[Dataset records]
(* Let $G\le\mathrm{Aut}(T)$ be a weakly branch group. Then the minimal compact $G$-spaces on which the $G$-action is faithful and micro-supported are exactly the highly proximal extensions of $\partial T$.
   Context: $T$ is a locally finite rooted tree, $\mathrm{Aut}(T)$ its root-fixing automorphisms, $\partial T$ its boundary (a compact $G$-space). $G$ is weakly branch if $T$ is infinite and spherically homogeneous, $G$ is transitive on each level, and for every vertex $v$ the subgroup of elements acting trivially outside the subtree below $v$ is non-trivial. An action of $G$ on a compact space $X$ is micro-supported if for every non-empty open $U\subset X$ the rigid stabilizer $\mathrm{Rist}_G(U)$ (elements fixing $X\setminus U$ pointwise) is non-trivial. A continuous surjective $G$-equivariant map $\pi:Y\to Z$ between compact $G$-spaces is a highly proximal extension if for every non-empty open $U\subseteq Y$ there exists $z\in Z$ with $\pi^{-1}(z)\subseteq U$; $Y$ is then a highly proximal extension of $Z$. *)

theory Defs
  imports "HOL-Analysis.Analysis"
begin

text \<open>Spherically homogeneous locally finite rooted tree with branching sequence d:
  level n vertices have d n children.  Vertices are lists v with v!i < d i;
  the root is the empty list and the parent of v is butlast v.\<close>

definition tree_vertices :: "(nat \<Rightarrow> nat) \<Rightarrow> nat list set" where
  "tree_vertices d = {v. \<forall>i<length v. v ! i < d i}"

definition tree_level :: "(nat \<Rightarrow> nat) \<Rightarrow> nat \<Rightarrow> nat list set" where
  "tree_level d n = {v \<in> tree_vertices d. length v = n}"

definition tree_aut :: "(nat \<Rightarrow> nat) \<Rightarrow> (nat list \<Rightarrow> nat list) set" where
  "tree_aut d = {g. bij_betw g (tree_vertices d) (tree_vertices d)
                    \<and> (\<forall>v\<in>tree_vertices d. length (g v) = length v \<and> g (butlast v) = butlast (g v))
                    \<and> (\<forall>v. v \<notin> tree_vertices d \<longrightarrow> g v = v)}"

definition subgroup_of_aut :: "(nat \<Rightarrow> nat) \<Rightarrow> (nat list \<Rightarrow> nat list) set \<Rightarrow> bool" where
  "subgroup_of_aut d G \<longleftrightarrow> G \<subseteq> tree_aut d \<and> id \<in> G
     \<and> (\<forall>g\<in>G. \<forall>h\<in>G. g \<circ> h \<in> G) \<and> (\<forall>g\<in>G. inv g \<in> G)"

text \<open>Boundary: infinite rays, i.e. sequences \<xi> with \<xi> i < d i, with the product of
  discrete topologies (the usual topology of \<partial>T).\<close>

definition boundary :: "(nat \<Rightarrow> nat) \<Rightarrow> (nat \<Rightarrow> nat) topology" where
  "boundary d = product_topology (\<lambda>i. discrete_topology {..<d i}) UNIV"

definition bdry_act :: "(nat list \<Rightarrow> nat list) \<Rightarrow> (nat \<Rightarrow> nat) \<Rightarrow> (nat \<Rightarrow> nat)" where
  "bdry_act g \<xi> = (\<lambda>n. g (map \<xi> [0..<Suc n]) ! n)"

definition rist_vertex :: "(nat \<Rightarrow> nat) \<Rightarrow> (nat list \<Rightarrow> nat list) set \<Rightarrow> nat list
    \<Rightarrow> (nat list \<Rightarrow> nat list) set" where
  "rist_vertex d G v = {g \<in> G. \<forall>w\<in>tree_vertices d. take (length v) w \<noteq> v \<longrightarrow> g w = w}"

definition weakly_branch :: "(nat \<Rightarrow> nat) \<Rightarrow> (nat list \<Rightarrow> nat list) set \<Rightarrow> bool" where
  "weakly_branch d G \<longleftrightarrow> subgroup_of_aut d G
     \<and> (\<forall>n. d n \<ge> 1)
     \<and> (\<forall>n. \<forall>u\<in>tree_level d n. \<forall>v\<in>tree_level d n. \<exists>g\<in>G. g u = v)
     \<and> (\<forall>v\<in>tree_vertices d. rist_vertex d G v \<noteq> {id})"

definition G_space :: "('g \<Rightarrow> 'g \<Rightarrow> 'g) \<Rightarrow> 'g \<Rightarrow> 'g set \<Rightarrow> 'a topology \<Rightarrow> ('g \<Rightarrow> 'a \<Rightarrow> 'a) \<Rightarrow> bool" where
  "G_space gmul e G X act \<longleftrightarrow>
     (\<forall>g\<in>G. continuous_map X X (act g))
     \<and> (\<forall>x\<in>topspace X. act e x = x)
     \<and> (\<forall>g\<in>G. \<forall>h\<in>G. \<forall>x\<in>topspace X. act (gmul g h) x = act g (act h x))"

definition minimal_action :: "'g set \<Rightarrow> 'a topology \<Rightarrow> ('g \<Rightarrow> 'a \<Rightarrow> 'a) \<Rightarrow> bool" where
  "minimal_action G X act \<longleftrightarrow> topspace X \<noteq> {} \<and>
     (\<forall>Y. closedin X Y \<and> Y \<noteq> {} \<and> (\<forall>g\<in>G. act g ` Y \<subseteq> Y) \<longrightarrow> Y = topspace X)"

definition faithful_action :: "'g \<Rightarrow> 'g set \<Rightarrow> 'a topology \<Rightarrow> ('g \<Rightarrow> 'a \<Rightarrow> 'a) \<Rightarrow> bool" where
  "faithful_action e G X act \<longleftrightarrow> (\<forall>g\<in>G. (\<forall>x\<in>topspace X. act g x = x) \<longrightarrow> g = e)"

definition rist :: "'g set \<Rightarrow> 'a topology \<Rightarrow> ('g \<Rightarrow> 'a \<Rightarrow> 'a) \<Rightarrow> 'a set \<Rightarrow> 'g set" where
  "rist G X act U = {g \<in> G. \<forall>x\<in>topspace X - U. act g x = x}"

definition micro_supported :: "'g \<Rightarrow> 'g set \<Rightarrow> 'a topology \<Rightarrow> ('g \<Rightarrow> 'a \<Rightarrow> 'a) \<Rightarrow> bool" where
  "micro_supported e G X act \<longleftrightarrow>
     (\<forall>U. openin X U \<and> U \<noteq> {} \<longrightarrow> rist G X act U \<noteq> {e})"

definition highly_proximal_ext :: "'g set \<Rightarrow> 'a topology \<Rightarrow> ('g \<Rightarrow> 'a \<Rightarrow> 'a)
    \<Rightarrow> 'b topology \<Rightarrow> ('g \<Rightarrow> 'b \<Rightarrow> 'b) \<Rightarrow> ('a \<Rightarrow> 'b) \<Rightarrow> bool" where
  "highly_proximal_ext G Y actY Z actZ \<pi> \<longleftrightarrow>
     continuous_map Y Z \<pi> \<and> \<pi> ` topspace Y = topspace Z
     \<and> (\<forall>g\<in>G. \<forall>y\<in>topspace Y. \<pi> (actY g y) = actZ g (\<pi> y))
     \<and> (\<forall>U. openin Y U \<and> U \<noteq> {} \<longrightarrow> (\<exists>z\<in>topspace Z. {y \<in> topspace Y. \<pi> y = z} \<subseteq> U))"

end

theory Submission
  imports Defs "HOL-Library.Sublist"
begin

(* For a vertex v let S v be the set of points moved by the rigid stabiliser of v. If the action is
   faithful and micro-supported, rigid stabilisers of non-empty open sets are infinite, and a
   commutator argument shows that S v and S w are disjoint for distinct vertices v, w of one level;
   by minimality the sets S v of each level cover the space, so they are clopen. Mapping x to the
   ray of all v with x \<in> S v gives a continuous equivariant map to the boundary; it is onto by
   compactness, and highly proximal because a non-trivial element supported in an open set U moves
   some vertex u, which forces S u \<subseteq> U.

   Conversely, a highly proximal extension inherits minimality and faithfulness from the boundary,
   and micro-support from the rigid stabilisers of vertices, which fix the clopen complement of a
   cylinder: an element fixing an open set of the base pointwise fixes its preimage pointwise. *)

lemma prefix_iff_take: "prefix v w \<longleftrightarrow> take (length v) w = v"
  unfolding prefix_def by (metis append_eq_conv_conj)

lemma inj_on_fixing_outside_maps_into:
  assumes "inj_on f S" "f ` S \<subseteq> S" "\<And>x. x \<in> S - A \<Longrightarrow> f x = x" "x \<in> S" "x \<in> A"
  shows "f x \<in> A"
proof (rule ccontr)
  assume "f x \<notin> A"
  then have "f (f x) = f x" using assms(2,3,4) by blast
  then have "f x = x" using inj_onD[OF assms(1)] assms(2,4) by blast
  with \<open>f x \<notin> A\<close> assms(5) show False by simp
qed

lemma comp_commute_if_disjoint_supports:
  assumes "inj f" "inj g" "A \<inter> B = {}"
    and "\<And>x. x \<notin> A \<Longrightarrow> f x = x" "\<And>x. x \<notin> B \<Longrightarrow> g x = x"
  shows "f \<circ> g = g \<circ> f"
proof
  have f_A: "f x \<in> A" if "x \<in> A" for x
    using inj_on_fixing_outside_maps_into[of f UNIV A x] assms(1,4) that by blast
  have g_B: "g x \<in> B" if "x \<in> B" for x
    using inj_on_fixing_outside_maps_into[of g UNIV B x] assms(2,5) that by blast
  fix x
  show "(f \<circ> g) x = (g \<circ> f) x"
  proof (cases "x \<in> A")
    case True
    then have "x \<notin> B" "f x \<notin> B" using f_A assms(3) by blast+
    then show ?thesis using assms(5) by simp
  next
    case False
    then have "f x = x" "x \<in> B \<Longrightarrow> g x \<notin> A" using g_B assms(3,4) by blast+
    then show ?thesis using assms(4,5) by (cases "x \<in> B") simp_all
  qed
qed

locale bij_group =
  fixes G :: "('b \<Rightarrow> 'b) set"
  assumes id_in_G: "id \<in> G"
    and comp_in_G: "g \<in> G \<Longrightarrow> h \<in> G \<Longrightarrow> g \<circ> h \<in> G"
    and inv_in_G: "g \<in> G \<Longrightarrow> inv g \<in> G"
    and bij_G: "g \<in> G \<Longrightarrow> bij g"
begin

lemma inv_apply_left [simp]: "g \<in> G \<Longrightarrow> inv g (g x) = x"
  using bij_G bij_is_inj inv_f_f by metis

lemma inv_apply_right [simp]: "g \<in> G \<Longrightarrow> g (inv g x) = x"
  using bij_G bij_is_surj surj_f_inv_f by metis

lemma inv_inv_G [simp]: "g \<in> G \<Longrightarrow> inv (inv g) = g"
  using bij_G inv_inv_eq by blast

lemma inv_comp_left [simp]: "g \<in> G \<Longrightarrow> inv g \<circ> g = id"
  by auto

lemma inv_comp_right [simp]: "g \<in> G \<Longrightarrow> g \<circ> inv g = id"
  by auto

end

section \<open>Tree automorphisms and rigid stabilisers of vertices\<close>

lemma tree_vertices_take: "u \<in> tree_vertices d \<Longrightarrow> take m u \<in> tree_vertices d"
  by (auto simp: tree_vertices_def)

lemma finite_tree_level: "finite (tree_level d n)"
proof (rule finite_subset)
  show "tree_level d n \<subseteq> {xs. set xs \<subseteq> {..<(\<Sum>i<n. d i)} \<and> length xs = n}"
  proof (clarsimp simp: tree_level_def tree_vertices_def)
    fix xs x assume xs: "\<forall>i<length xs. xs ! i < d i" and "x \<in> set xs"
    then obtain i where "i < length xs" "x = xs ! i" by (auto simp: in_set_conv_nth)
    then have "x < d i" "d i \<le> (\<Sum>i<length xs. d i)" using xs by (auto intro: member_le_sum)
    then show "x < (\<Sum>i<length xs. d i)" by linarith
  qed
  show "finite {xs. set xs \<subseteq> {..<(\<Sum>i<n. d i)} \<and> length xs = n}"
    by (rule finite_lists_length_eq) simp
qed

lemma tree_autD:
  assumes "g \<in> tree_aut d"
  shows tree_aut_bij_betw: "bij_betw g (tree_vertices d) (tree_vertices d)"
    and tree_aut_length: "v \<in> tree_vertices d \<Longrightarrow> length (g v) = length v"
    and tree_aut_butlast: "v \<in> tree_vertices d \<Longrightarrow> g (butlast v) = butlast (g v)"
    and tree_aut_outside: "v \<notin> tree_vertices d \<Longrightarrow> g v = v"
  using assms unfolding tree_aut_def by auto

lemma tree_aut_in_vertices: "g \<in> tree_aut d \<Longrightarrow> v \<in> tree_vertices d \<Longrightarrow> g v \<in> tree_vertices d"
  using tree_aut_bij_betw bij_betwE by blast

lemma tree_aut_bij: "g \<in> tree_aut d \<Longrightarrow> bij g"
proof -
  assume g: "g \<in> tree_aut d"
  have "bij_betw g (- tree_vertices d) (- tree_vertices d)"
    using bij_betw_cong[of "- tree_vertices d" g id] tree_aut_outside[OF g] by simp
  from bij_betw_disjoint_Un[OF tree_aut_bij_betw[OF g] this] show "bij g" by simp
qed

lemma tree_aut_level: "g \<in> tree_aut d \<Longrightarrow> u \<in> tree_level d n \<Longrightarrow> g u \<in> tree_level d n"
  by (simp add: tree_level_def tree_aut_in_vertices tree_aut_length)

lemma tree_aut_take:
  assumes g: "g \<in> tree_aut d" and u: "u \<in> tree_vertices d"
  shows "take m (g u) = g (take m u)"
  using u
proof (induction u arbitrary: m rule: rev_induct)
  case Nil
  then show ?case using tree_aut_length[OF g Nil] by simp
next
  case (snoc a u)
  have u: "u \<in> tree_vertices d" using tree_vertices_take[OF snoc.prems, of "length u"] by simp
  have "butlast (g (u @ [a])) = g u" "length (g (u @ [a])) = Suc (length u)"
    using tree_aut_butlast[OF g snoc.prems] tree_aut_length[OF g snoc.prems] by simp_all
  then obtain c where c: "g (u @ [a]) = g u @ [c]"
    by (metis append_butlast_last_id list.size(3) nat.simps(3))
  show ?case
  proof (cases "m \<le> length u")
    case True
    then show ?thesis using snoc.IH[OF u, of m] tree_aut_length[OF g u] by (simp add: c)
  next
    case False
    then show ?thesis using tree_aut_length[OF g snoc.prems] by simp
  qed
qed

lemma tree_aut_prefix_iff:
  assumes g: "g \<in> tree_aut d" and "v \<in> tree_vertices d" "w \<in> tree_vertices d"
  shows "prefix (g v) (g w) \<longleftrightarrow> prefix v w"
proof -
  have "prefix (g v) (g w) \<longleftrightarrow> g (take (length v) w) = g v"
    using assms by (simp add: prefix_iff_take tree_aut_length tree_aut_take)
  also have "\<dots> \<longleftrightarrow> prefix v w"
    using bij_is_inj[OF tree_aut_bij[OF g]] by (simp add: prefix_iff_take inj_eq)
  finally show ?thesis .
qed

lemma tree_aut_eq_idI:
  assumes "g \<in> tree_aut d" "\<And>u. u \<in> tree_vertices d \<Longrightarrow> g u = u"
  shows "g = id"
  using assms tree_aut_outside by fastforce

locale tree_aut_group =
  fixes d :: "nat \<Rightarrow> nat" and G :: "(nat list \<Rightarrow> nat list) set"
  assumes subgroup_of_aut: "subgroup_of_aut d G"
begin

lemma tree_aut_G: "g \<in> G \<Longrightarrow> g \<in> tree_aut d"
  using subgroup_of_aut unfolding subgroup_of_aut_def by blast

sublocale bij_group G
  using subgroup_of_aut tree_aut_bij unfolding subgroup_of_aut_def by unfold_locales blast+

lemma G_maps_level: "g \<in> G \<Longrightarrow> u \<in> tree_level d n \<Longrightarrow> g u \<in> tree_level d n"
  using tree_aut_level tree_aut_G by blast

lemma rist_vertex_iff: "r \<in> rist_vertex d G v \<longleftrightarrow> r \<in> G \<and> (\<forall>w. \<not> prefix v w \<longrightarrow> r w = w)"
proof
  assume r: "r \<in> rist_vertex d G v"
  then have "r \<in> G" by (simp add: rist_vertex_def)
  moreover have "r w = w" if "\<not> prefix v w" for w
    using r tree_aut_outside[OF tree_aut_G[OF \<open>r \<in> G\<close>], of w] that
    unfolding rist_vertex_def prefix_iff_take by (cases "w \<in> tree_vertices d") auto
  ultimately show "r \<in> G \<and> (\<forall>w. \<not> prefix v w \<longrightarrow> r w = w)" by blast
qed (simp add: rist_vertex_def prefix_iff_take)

EXERCISE GOAL: Go over the data and return every line that includes the word "rule".

ANSWER SECTION:
proof (rule ccontr)
proof (rule finite_subset)
    by (rule finite_lists_length_eq) simp
proof (induction u arbitrary: m rule: rev_induct)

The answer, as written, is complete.